In 2009, the Craft and Folk Art Museum hosted Sueños / Yume: Fifty Years of the Art of Dora De Larios a retrospective of De Larios's work, curated by Elaine Levin.

In 2011, she was prominently featured in Art Along the Hyphen: The Mexican-American Generation at Autry Museum of the American West. The same year, she was included in Common Ground, Ceramics in Southern California 1945–1975 at the American Museum of Ceramic Art. Both exhibitions were organized as part of the Getty Foundation's Pacific Standard Time: Art in L.A. initiative.

In 2017, two of De Larios's sculptures were included in the exhibition Found in Translation: Design in California and Mexico, 1915-1985 at the Los Angeles County Museum of Art. The exhibition highlighted the artist's deep connections to ancient Mexican art. That year, the artist donated her Goddess totems (2009) to the museum's permanent collection.

In 2018, the Main Museum in downtown Los Angeles organized a retrospective of her work, Dora De Larios: Other Worlds.

Craig Krull Gallery in Santa Monica organized exhibitions of her work in 2017 and 2019. The 2017 exhibition featured De Larios along with three other Mexican American artists, Gilbert Luján, Carlos Almarez, and Elsa Flores Almaraz.

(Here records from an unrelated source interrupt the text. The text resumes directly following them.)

(* For every integer $n\ge1$ and every $0<\varepsilon\le\frac1{4n}$, \[ \mathbf{T}^\varepsilon_n\le 2(n+1)\,\varepsilon^2\,\Big\|\frac{\partial u_1}{\partial x_2}\Big\|^2_{L^\infty([1,4]\times\{1\})}. \]
   Context: Hersch's pipe is $\mathbf{H}=\{(x_1,x_2):x_1^2+x_2^2<1,\ x_1<0\}\cup\{(x_1,x_2):0<|x_2|<1,\ x_1\ge0\}\subseteq\mathbb{R}^2$; $u_1\in W^{1,2}_0(\mathbf{H})$ is its positive, $L^2$-normalized first Dirichlet eigenfunction (it exists, is $C^2$ up to the flat boundary piece $(0,\infty)\times\{1\}$, and $\partial u_1/\partial x_2$ has a continuous trace there). For $n\ge1$, $0<\varepsilon<1/(2n)$ and $i=0,\dots,n$: $\Sigma^\varepsilon_i=(2+\tfrac in-\varepsilon,2+\tfrac in+\varepsilon)$, $T^\varepsilon_i=\Sigma^\varepsilon_i\times[1,2)$, $\Gamma^\varepsilon_n=\bigcup_{i=0}^n(\Sigma^\varepsilon_i\times\{1\})$, $\mathbf{H}^\varepsilon_n=\mathbf{H}\cup\bigcup_{i=0}^nT^\varepsilon_i$, and \[ \mathbf{T}^\varepsilon_n=\sup_{\varphi\in C^\infty_0(\mathbf{H}^\varepsilon_n)}\Big\{2\int_{\Gamma^\varepsilon_n}\frac{\partial u_1}{\partial x_2}\varphi\,d\mathcal{H}^1-\int_{\mathbf{H}^\varepsilon_n}|\nabla\varphi|^2dx\Big\}. \] *)

theory Defs
  imports "HOL-Analysis.Analysis" "HOL-Probability.Essential_Supremum"
begin

type_synonym pt = "real \<times> real"
(* Let $(M,\mathbf g)$ be a $4$-dimensional space-time whose metric has the form $$\mathbf g=-\Big(1-\frac{2m(r)}{r}\Big)e^{\mu(r)}dt^2+\Big(1-\frac{2m(r)}{r}\Big)^{-1}dr^2+r^2(d\theta^2+\sin^2\theta\,d\phi^2)$$ for $0<r<\infty$, with $m$ and $\mu$ both $C^1$, piecewise $C^2$ functions of $r\in(0,\infty)$. If the following all hold: (1) the matter is a perfect fluid, i.e. $p_1(r)=p_2(r)=:p(r)$ (pressure) with density $\rho(r)$; (2) $\lim_{r\to\infty}4\pi r^2p(r)=\lim_{r\to\infty}4\pi r^2\rho(r)=0$; (3) $\tfrac{24}{7}m(r)<r$ for all $r\in(0,\infty)$; (4) $p(r)\le\rho(r)/3$ for all $r\in(0,\infty)$, then $(M,\mathbf g)$ contains no $SO(3)\times\mathbb R$-invariant timelike photon surfaces.
   Context: With primes denoting $d/dr$, the functions $\rho,p_1,p_2$ are defined by $8\pi\rho=\frac{2m'}{r^2}$, $8\pi p_1=\frac{1}{r^2}\{(r-2m)\mu'-2m'\}$, $8\pi p_2=\frac{1}{4r^2}\{2(r+m-3rm')\mu'+r(r-2m)(\mu')^2-4rm''+2r(r-2m)\mu''\}$, so that the Einstein tensor is $G^a{}_b=8\pi\,\mathrm{diag}(-\rho,p_1,p_2,p_2)$ in coordinates $(t,r,\theta,\phi)$. A function on an interval $I$ is piecewise $C^k$ if $I$ is the disjoint union of a locally finite collection of intervals $I_i$ (open, closed or half-open) with $f|_{I_i}$ of class $C^k$. The metric admits the isometry group $SO(3)\times\mathbb R$ (rotations and $t$-translations); a hypersurface is $SO(3)\times\mathbb R$-invariant if each group element maps it onto itself. A photon surface of $(M,\mathbf g)$ is an immersed, nowhere-spacelike hypersurface $S$ such that for every $p\in S$ and every null vector $\mathbf k\in T_pS$ there exists a null geodesic $\gamma:(-\epsilon,\epsilon)\to M$ of $(M,\mathbf g)$ with $\dot\gamma(0)=\mathbf k$ and image contained in $S$. *)

theory Defs
  imports "HOL-Analysis.Analysis"
begin

type_synonym pt = "real \<times> (real^3)"   (* (t, y) with y = r * (point of S^2), r = norm y *)

definition C1_on :: "real set \<Rightarrow> (real \<Rightarrow> real) \<Rightarrow> bool" where
  "C1_on I f \<longleftrightarrow> (\<exists>f'. (\<forall>x\<in>I. (f has_real_derivative f' x) (at x)) \<and> continuous_on I f')"

definition C2_restr :: "real set \<Rightarrow> (real \<Rightarrow> real) \<Rightarrow> bool" where
  "C2_restr J f \<longleftrightarrow> (\<exists>f1 f2. (\<forall>x\<in>J. (f has_real_derivative f1 x) (at x within J)
        \<and> (f1 has_real_derivative f2 x) (at x within J)) \<and> continuous_on J f2)"

definition piecewise_C2 :: "real set \<Rightarrow> (real \<Rightarrow> real) \<Rightarrow> bool" where
  "piecewise_C2 I f \<longleftrightarrow> (\<exists>\<I>. (\<forall>J\<in>\<I>. is_interval J \<and> J \<noteq> {}) \<and> disjoint \<I> \<and> \<Union>\<I> = I
      \<and> (\<forall>x\<in>I. \<exists>e>0. finite {J\<in>\<I>. J \<inter> ball x e \<noteq> {}})
      \<and> (\<forall>J\<in>\<I>. C2_restr J f))"

text \<open>Matter functions (with primes = d/dr); second derivatives passed explicitly.\<close>

definition rho :: "(real \<Rightarrow> real) \<Rightarrow> real \<Rightarrow> real" where
  "rho m r = (2 * deriv m r / r\<^sup>2) / (8 * pi)"

definition p1 :: "(real \<Rightarrow> real) \<Rightarrow> (real \<Rightarrow> real) \<Rightarrow> real \<Rightarrow> real" where
  "p1 m mu r = (((r - 2 * m r) * deriv mu r - 2 * deriv m r) / r\<^sup>2) / (8 * pi)"

definition p2 :: "(real \<Rightarrow> real) \<Rightarrow> (real \<Rightarrow> real) \<Rightarrow> real \<Rightarrow> real \<Rightarrow> real \<Rightarrow> real" where
  "p2 m mu m2 mu2 r = ((2 * (r + m r - 3 * r * deriv m r) * deriv mu r
        + r * (r - 2 * m r) * (deriv mu r)\<^sup>2 - 4 * r * m2 + 2 * r * (r - 2 * m r) * mu2)
        / (4 * r\<^sup>2)) / (8 * pi)"

text \<open>The space-time M = R x (R^3 - {0}) with the metric in Cartesian-type coordinates:
  r = |y|, dr = (y.dy)/r, r^2 (d theta^2 + sin^2 theta d phi^2) = |dy|^2 - dr^2.\<close>

definition spacetime :: "pt set" where
  "spacetime = {(t, y). y \<noteq> 0}"

definition metric :: "(real \<Rightarrow> real) \<Rightarrow> (real \<Rightarrow> real) \<Rightarrow> pt \<Rightarrow> pt \<Rightarrow> pt \<Rightarrow> real" where
  "metric m mu p v w =
     (let y = snd p; r = norm y; F = 1 - 2 * m r / r;
          a = fst v; u = snd v; b = fst w; z = snd w
      in - F * exp (mu r) * a * b + (1 / F) * (y \<bullet> u) * (y \<bullet> z) / r\<^sup>2
         + (u \<bullet> z) - (y \<bullet> u) * (y \<bullet> z) / r\<^sup>2)"

definition dmetric :: "(real \<Rightarrow> real) \<Rightarrow> (real \<Rightarrow> real) \<Rightarrow> pt \<Rightarrow> pt \<Rightarrow> pt \<Rightarrow> real" where
  "dmetric m mu p w v = deriv (\<lambda>h. metric m mu (p + h *\<^sub>R w) v v) 0"

text \<open>Geodesic on (-eps, eps): Euler-Lagrange form of the geodesic equation,
  d/ds g(gamma', w) = 1/2 (d_w g)(gamma', gamma') for every constant vector w.\<close>
definition geodesic :: "(real \<Rightarrow> real) \<Rightarrow> (real \<Rightarrow> real) \<Rightarrow> (real \<Rightarrow> pt) \<Rightarrow> real \<Rightarrow> bool" where
  "geodesic m mu \<gamma> eps \<longleftrightarrow> eps > 0 \<and> (\<forall>s\<in>{-eps<..<eps}. \<gamma> s \<in> spacetime) \<and>
     (\<exists>v. \<forall>s\<in>{-eps<..<eps}. (\<gamma> has_vector_derivative v s) (at s) \<and>
        (\<forall>w. ((\<lambda>s. metric m mu (\<gamma> s) (v s) w) has_real_derivative
               (1/2 * dmetric m mu (\<gamma> s) w (v s))) (at s)))"

text \<open>An immersed hypersurface, given as a countable family of C^1 immersions
  phi_i : U_i -> M (U_i open in R^3) with derivatives Dphi_i; S is the union of the images.
  (Equivalently: an immersion of the disjoint union of the U_i, i.e. of a second countable
  3-manifold.)\<close>
definition immersed_hypersurface ::
  "pt set \<Rightarrow> (nat \<Rightarrow> (real^3) set) \<Rightarrow> (nat \<Rightarrow> real^3 \<Rightarrow> pt) \<Rightarrow> (nat \<Rightarrow> real^3 \<Rightarrow> real^3 \<Rightarrow> pt) \<Rightarrow> bool" where
  "immersed_hypersurface S U \<phi> D \<longleftrightarrow>
     S = (\<Union>i. \<phi> i ` U i) \<and> S \<subseteq> spacetime \<and>
     (\<forall>i. open (U i) \<and>
        (\<forall>u\<in>U i. (\<phi> i has_derivative D i u) (at u) \<and> inj (D i u)) \<and>
        (\<forall>z. continuous_on (U i) (\<lambda>u. D i u z)))"

definition timelike_photon_surface :: "(real \<Rightarrow> real) \<Rightarrow> (real \<Rightarrow> real) \<Rightarrow> pt set \<Rightarrow> bool" where
  "timelike_photon_surface m mu S \<longleftrightarrow> S \<noteq> {} \<and>
     (\<exists>U \<phi> D. immersed_hypersurface S U \<phi> D \<and>
       (\<forall>i. \<forall>u\<in>U i. \<exists>z. metric m mu (\<phi> i u) (D i u z) (D i u z) < 0) \<and>
       (\<forall>i. \<forall>u\<in>U i. \<forall>k\<in>range (D i u).
          k \<noteq> 0 \<and> metric m mu (\<phi> i u) k k = 0 \<longrightarrow>
          (\<exists>\<gamma> eps. geodesic m mu \<gamma> eps \<and> \<gamma> 0 = \<phi> i u \<and>
             (\<gamma> has_vector_derivative k) (at 0) \<and> \<gamma> ` {-eps<..<eps} \<subseteq> S)))"

definition rotation3 :: "(real^3 \<Rightarrow> real^3) \<Rightarrow> bool" where
  "rotation3 f \<longleftrightarrow> orthogonal_transformation f \<and> det (matrix f) = 1"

The 2019 exhibition The Studio is My Church featured paintings on paper from the last year of the artist's life, along with ceramic sculptures.

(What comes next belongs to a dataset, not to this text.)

(* Let $d$ be a positive integer and let $X=\{X_k:k\in\mathbb{Z}^d\}$ be a centered, complex-valued, weakly stationary random field such that $\varrho'(X,n)\to 0$ as $n\to\infty$, and let $f$ denote its (continuous) spectral density, writing $f(\lambda):=f(e^{i\lambda})$. Let $\{v^{(n)}\}_{n=1}^\infty$ be a sequence of vectors in $\mathbb{N}^d$ with $\lim_{n\to\infty}\min\{v^{(n)}_1,\dots,v^{(n)}_d\}=\infty$. Then \[\lim_{n\to\infty} E\, I_n^{(\lambda)}=f(\lambda)\quad\text{for all }\lambda\in(-\pi,\pi]^d,\] and this convergence is uniform over all $\lambda\in(-\pi,\pi]^d$.
   Context: A random field $X=\{X_k:k\in\mathbb{Z}^d\}$ is a collection of complex random variables indexed by $\mathbb{Z}^d$; it is centered if $EX_k=0$ for all $k$. It is weakly stationary if $E|X_k|^2=\sigma^2<\infty$ for all $k$, $EX_k$ is constant, and $E(X_k-\mu)\overline{(X_j-\mu)}$ depends only on $k-j$. For $\sigma$-fields $\mathcal A,\mathcal B$, $\varrho(\mathcal A,\mathcal B)=\sup \mathrm{Corr}(f,g)$ over real $f\in L^2(\mathcal A)$, $g\in L^2(\mathcal B)$. For $n\ge1$, $\varrho'(X,n)=\sup_{S,T}\varrho(\sigma(X_k:k\in S),\sigma(X_k:k\in T))$, the supremum over finite nonempty $S,T\subset\mathbb{Z}^d$ for which there is a coordinate $u\in\{1,\dots,d\}$ with $|k_u-l_u|\ge n$ for all $k\in S$, $l\in T$ (the sets may be interlaced). A nonnegative Borel function $f$ on the torus $\mathbb{T}^d$ is the spectral density of $X$ if $EX_k\overline{X_j}=\int_{\mathbb{T}^d}e^{i(k-j)\cdot\theta}f(e^{i\theta})\,dm^d(e^{i\theta})$, where $m^d$ is normalized Lebesgue (Haar) measure on $\mathbb{T}^d$; such fields with $\varrho'(X,n)\to0$ have a continuous spectral density. For $\lambda\in(-\pi,\pi]^d$, $X_k^{(\lambda)}:=e^{-ik\cdot\lambda}X_k$. For $v\in\mathbb{N}^d$, the box $\mathfrak B(v)=\{w\in\mathbb{N}^d:1\le w_j\le v_j,\ j=1,\dots,d\}$; $\mathfrak B_n:=\mathfrak B(v^{(n)})$, $V^{(n)}:=\prod_{j=1}^d v_j^{(n)}$, $S_n^{(\lambda)}:=\sum_{k\in\mathfrak B_n}X_k^{(\lambda)}$, and the periodogram is $I_n^{(\lambda)}:=|S_n^{(\lambda)}|^2/V^{(n)}$. *)

theory Defs
  imports "HOL-Probability.Probability"
begin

Her work, Opera Singer, was acquired by the Smithsonian American Art Museum as part of the Renwick Gallery's 50th Anniversary Campaign.

==Major commissions==
In 1970–1971, De Larios created, as a lead artist through the Franciscan Ceramics division of Interpace, the Grand Canyon Concourse fourth floor lobby mural in the Disney World Contemporary Resort in Orlando. The 18,000 square foot mural, designed by Mary Blair, was executed on 12" square ceramic tiles.

In 1977, De Larios was one of fourteen artists commissioned to make a dinnerware set for the Senate Wives Luncheon at the White House. The series was later exhibited at the Smithsonian's Renwick Gallery.

Other public commissions include:
- Life Force in Laguna Beach, 2003
- Koi Goddesses at the Westin Bonaventure Hotel in Los Angeles, 1997
- Tree of Life in Culver City, 1997
- Homage to Quetzalcoatl at Villa-Park Community Center in Pasadena, 1992
- The Elements in Los Angeles, 1989
- The World According to Dora at the Hilton Anaheim, 1984
- Exterior murals for public libraries in Compton (1973), Lynwood (1977), Norwood (1977) and Rowland Heights (1978).